<<<<
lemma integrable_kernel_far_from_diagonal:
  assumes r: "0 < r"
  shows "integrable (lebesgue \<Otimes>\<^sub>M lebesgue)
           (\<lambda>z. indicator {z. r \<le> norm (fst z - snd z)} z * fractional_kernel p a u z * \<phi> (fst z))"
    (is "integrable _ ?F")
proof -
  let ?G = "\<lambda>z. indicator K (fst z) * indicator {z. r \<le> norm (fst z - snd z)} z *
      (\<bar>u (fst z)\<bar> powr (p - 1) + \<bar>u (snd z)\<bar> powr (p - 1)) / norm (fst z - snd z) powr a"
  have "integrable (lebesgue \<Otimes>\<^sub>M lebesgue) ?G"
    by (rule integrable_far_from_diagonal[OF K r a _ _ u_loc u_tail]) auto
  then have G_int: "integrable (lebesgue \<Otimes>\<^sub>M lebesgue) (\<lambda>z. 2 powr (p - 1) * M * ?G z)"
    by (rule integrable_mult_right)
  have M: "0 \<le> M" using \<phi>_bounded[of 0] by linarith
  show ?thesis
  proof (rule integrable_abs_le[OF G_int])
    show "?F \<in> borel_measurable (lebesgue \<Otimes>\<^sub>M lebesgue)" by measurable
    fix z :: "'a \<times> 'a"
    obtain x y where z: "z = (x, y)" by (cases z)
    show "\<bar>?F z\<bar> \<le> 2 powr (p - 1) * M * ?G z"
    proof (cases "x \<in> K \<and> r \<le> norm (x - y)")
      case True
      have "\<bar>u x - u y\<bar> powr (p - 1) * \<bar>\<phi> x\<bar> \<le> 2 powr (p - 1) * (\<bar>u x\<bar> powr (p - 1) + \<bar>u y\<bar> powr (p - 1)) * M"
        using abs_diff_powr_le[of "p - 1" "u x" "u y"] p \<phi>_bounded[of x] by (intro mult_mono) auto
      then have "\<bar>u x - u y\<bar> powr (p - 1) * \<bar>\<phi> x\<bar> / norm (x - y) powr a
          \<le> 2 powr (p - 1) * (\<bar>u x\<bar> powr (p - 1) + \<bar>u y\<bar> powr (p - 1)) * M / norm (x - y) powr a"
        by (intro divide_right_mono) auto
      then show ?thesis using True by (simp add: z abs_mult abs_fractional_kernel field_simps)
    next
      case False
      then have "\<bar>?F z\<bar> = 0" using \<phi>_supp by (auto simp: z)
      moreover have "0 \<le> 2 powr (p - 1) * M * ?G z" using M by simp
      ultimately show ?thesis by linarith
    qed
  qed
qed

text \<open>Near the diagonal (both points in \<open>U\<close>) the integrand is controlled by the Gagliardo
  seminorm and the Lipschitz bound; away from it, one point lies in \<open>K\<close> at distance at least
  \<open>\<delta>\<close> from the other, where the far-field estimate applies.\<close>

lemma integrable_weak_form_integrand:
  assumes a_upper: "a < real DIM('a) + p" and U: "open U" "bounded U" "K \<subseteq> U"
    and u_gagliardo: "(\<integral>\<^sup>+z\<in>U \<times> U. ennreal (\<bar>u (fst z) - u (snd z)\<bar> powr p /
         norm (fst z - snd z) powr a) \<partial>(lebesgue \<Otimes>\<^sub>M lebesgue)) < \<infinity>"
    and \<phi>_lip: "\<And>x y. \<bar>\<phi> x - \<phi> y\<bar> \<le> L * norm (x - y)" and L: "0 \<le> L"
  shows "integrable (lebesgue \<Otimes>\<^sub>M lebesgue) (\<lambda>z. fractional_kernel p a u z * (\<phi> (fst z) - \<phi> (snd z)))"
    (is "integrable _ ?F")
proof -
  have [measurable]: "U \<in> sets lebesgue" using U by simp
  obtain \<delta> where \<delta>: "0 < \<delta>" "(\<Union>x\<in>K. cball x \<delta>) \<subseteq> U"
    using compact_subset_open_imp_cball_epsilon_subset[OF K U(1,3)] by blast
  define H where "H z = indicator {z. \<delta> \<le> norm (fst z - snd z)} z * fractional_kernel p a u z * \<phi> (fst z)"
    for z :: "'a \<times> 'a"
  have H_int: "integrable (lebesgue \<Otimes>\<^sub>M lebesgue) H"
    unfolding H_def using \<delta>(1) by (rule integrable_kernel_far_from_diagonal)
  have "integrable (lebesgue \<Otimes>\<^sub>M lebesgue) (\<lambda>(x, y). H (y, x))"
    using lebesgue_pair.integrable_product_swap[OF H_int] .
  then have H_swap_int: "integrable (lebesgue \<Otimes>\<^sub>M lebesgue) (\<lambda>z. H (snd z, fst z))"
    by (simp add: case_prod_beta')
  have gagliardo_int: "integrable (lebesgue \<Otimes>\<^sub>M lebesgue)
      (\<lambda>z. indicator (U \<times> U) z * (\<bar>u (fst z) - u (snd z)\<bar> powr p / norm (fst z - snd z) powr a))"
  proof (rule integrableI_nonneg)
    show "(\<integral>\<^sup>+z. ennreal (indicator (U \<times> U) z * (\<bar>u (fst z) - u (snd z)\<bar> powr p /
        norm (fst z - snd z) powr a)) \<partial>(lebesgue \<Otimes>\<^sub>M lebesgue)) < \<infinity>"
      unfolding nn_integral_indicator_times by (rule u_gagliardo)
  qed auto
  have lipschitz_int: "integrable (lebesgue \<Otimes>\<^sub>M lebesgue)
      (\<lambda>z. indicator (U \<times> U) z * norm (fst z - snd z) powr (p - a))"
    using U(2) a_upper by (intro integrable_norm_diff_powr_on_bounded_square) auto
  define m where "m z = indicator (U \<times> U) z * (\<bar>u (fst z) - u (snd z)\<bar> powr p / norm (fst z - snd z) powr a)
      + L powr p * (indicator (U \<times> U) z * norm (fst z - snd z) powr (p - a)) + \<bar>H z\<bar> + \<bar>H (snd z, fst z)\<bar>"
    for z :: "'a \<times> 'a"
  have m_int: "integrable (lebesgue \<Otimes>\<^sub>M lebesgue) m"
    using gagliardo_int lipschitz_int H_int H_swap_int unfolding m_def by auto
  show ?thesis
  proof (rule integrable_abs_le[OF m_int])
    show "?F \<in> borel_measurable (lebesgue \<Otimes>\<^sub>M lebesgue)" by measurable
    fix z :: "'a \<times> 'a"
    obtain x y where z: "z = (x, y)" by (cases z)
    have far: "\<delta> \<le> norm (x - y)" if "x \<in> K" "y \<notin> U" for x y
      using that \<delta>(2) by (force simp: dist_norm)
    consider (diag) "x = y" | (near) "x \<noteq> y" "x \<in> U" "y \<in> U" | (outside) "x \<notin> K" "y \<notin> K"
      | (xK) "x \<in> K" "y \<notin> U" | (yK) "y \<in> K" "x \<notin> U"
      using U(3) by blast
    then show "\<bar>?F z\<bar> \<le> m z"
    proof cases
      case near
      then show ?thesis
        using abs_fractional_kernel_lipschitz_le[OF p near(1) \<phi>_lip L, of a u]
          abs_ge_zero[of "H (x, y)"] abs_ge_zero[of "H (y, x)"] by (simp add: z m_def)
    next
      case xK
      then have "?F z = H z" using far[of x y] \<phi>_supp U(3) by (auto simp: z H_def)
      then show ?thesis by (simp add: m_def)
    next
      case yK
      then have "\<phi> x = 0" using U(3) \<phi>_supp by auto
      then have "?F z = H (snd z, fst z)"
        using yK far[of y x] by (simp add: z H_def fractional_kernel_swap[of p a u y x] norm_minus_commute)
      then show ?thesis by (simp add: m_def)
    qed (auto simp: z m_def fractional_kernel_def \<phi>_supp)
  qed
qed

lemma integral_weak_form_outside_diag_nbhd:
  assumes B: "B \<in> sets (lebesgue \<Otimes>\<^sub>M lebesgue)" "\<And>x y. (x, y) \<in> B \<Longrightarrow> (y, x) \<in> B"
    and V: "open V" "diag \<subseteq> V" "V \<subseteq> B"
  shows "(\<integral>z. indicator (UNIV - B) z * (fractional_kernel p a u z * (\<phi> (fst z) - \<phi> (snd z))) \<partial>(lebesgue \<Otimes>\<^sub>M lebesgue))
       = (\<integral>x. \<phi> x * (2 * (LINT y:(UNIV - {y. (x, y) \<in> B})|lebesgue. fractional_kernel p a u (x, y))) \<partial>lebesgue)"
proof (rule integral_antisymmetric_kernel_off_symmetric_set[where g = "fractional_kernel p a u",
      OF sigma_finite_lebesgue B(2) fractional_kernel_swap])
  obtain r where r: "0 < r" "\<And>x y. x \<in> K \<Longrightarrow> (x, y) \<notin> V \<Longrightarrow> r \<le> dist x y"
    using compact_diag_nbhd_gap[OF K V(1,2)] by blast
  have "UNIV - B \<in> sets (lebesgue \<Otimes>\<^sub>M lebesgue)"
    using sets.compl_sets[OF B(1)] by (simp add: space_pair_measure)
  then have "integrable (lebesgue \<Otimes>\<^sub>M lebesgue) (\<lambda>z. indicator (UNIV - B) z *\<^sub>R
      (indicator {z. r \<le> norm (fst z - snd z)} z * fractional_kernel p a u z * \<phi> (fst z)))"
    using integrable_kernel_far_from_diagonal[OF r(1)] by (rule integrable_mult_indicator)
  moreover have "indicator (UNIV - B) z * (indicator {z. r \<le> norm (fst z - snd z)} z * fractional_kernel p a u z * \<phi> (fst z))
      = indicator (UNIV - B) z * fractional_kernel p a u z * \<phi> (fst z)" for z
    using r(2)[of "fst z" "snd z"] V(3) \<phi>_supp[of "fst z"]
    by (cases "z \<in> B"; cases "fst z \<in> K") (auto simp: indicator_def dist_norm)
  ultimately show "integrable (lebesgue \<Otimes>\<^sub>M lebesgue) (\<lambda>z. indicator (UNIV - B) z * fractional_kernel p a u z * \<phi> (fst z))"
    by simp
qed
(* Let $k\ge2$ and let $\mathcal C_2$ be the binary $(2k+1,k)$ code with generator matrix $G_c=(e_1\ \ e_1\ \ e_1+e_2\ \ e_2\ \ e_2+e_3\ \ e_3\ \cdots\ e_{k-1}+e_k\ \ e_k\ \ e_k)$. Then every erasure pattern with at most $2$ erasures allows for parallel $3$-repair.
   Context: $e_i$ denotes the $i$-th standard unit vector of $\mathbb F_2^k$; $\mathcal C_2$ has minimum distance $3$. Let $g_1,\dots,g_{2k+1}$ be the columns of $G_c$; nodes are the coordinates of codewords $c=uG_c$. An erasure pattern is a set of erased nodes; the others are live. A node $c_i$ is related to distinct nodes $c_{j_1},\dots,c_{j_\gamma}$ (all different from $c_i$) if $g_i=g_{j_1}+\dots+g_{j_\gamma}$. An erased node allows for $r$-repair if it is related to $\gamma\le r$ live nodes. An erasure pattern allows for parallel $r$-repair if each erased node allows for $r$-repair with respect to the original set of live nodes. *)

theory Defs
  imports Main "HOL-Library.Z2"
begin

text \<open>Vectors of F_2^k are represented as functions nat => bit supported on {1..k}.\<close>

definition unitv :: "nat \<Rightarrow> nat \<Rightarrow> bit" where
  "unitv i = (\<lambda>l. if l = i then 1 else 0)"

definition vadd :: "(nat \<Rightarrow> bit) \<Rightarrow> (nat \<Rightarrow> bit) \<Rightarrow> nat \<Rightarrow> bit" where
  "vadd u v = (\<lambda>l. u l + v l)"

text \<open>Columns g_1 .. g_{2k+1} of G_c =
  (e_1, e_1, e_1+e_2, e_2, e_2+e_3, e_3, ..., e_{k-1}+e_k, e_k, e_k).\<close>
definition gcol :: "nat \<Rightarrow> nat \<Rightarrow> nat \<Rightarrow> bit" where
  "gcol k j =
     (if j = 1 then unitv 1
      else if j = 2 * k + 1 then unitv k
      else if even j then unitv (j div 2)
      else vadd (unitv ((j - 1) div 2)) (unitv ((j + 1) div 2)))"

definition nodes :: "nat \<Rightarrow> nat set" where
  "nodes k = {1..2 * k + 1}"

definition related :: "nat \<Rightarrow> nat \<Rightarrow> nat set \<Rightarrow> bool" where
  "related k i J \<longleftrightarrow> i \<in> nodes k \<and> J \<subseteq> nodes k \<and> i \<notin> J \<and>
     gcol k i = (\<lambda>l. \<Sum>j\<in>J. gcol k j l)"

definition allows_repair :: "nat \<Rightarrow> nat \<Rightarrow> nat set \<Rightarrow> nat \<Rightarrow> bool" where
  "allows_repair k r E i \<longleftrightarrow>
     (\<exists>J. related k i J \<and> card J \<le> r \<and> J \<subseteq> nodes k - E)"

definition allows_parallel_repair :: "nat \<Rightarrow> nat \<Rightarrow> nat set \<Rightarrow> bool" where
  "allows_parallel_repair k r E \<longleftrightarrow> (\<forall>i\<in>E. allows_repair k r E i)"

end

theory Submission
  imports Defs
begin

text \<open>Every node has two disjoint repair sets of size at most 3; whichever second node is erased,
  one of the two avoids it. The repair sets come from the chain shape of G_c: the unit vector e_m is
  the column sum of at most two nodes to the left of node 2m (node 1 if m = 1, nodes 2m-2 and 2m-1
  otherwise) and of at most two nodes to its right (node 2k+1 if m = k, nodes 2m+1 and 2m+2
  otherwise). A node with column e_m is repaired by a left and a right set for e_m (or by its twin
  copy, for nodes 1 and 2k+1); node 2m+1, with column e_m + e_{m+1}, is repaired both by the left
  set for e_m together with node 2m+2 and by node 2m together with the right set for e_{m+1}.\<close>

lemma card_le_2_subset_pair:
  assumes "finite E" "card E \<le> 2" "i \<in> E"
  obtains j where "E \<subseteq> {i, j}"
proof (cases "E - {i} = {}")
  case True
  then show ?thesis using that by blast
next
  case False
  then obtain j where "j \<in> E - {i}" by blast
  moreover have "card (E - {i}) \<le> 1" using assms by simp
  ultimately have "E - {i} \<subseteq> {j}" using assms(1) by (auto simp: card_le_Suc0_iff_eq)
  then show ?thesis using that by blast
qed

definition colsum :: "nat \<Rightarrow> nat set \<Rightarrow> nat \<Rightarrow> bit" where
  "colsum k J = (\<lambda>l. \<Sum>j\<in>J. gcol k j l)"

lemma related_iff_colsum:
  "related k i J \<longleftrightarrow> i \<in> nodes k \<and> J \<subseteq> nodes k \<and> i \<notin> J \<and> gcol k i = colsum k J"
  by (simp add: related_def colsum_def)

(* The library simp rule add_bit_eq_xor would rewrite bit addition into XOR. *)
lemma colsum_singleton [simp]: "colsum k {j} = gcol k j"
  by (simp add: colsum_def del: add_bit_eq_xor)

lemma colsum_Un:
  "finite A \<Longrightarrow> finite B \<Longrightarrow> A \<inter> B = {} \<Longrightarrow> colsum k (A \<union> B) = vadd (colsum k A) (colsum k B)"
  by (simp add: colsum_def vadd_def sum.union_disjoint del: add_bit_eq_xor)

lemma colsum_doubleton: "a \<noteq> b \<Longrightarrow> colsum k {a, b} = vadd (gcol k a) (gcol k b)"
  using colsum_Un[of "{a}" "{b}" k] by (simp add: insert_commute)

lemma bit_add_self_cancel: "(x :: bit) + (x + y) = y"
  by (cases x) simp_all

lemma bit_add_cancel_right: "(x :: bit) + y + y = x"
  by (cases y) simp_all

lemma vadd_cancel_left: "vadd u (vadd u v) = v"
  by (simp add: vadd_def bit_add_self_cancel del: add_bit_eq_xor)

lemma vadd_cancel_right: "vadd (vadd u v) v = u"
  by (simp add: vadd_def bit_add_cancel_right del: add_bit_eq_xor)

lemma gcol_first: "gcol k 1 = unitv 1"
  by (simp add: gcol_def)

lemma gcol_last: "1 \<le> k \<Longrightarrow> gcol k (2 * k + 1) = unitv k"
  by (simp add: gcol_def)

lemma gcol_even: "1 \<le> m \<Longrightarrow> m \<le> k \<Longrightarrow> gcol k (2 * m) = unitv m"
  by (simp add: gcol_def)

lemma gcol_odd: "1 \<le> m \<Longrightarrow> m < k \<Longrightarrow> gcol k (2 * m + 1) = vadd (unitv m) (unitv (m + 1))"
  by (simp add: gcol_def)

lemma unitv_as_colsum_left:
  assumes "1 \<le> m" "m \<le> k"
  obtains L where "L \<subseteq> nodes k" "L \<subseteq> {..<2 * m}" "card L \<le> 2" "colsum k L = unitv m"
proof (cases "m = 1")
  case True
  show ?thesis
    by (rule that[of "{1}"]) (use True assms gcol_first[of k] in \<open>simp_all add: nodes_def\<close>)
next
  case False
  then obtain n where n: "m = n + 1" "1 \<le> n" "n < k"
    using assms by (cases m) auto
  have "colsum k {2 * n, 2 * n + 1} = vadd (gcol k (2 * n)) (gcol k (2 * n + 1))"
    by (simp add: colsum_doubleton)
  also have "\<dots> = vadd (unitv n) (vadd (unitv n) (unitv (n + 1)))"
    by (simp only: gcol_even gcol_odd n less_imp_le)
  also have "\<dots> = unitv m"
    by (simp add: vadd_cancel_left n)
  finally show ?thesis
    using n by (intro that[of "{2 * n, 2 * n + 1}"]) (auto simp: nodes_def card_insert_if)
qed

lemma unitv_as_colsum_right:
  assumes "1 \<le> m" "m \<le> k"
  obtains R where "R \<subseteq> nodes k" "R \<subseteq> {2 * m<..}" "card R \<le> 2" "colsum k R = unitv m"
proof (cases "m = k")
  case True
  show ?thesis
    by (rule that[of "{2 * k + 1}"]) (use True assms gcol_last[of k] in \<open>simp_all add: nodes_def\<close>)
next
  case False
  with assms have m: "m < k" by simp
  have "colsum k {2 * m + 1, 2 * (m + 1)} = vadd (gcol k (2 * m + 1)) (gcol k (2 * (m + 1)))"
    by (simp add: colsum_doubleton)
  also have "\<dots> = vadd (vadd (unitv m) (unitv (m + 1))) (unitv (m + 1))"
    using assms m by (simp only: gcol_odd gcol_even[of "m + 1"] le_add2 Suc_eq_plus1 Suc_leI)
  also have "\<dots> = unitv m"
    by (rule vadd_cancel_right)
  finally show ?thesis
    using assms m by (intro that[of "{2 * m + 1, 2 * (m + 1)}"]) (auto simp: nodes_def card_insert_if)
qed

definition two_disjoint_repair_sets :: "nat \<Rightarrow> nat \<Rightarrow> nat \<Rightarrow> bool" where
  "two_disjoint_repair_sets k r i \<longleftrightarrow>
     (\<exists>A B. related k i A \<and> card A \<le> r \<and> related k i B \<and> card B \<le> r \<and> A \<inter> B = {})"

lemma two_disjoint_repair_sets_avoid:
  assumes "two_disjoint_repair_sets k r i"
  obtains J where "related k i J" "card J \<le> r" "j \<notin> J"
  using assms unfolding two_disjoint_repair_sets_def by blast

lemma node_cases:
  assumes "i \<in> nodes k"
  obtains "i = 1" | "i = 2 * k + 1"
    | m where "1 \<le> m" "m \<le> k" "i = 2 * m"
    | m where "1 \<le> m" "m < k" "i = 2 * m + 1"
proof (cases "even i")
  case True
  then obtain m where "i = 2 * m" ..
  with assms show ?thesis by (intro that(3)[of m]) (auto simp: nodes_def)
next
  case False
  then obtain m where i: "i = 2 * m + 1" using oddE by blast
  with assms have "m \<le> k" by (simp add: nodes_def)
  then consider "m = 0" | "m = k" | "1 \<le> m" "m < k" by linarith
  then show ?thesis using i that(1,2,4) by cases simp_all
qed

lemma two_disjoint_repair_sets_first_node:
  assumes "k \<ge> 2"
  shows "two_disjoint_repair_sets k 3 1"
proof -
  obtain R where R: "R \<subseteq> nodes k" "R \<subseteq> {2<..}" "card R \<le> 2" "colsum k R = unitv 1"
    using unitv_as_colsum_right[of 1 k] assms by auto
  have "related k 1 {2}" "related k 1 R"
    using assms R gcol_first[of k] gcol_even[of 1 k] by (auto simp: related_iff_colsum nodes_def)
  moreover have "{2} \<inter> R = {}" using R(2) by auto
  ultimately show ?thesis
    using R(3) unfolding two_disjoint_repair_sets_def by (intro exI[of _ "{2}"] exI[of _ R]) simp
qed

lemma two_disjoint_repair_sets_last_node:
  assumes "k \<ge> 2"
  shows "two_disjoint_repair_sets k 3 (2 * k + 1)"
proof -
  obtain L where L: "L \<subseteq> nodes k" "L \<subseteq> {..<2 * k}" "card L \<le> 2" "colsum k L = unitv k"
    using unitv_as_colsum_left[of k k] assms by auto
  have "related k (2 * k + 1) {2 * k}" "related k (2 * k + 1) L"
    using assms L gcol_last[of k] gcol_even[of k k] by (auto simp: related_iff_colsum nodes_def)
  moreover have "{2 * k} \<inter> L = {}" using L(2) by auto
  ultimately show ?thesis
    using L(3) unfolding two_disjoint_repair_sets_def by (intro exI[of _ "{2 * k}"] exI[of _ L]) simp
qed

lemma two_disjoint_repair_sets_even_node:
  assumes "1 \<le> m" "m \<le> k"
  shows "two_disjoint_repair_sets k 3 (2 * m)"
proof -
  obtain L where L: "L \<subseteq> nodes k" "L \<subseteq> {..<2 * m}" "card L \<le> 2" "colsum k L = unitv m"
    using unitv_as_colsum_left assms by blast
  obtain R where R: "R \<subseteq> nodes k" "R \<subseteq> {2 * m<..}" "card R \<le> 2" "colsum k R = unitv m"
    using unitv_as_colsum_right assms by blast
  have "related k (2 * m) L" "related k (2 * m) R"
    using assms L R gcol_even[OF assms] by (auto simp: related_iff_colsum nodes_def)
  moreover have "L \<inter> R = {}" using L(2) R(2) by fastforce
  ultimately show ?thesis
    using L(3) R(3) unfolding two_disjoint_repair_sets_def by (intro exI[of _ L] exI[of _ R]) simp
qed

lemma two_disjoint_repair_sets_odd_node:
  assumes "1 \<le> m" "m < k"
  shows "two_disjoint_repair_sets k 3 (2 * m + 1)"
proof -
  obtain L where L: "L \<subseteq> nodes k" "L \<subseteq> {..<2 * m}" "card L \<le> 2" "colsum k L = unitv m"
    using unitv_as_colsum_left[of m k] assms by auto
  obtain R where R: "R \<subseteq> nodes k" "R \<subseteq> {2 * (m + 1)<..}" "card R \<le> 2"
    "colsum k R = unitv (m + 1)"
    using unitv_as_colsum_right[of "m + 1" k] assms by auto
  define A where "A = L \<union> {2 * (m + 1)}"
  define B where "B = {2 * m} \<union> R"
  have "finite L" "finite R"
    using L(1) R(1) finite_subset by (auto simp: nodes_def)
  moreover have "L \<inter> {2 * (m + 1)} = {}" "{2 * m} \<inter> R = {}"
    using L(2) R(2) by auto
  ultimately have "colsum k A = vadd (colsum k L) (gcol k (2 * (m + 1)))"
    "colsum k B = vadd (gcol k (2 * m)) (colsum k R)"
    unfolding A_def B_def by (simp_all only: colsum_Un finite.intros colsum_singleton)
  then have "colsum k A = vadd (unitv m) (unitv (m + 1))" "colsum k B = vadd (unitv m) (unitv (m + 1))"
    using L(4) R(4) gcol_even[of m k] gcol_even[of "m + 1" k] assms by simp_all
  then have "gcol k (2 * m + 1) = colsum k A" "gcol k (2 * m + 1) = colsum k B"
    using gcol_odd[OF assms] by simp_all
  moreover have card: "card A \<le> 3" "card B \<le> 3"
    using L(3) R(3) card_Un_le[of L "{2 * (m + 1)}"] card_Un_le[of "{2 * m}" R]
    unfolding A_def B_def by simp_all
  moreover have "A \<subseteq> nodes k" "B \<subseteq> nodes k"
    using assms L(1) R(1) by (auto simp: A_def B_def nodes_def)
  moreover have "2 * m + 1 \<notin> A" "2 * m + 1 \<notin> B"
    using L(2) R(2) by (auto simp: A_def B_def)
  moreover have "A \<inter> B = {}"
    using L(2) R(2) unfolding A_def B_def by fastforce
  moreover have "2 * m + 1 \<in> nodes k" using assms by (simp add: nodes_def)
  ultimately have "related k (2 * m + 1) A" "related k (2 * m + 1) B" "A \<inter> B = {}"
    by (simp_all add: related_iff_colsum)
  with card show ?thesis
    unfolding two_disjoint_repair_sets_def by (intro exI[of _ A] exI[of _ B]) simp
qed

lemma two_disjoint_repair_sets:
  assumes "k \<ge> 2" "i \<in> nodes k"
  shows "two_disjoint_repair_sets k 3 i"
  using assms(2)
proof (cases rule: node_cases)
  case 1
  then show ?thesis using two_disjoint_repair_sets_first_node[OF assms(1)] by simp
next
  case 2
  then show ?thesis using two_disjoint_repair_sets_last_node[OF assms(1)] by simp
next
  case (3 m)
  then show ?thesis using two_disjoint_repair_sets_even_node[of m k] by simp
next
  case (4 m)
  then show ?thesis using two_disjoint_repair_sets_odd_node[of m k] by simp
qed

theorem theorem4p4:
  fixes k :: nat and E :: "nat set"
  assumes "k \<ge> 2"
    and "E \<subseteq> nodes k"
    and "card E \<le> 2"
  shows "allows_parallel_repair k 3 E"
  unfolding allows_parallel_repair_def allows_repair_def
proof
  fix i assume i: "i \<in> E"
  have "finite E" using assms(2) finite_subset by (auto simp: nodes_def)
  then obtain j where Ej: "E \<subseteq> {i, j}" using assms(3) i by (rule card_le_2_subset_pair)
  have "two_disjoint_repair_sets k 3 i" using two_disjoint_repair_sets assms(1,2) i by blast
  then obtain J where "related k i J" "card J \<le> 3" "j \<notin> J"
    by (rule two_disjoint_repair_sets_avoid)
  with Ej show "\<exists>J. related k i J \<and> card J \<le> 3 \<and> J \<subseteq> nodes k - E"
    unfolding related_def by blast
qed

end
>>>>
→ **What the exercise asks**: Everything from the first line of the material through the line containing "lebesgue) (\<lambda>z. 2" is to be printed exactly; lines after that are to be left out.

→ **Task output**:
lemma integrable_kernel_far_from_diagonal:
  assumes r: "0 < r"
  shows "integrable (lebesgue \<Otimes>\<^sub>M lebesgue)
           (\<lambda>z. indicator {z. r \<le> norm (fst z - snd z)} z * fractional_kernel p a u z * \<phi> (fst z))"
    (is "integrable _ ?F")
proof -
  let ?G = "\<lambda>z. indicator K (fst z) * indicator {z. r \<le> norm (fst z - snd z)} z *
      (\<bar>u (fst z)\<bar> powr (p - 1) + \<bar>u (snd z)\<bar> powr (p - 1)) / norm (fst z - snd z) powr a"
  have "integrable (lebesgue \<Otimes>\<^sub>M lebesgue) ?G"
    by (rule integrable_far_from_diagonal[OF K r a _ _ u_loc u_tail]) auto
  then have G_int: "integrable (lebesgue \<Otimes>\<^sub>M lebesgue) (\<lambda>z. 2 powr (p - 1) * M * ?G z)"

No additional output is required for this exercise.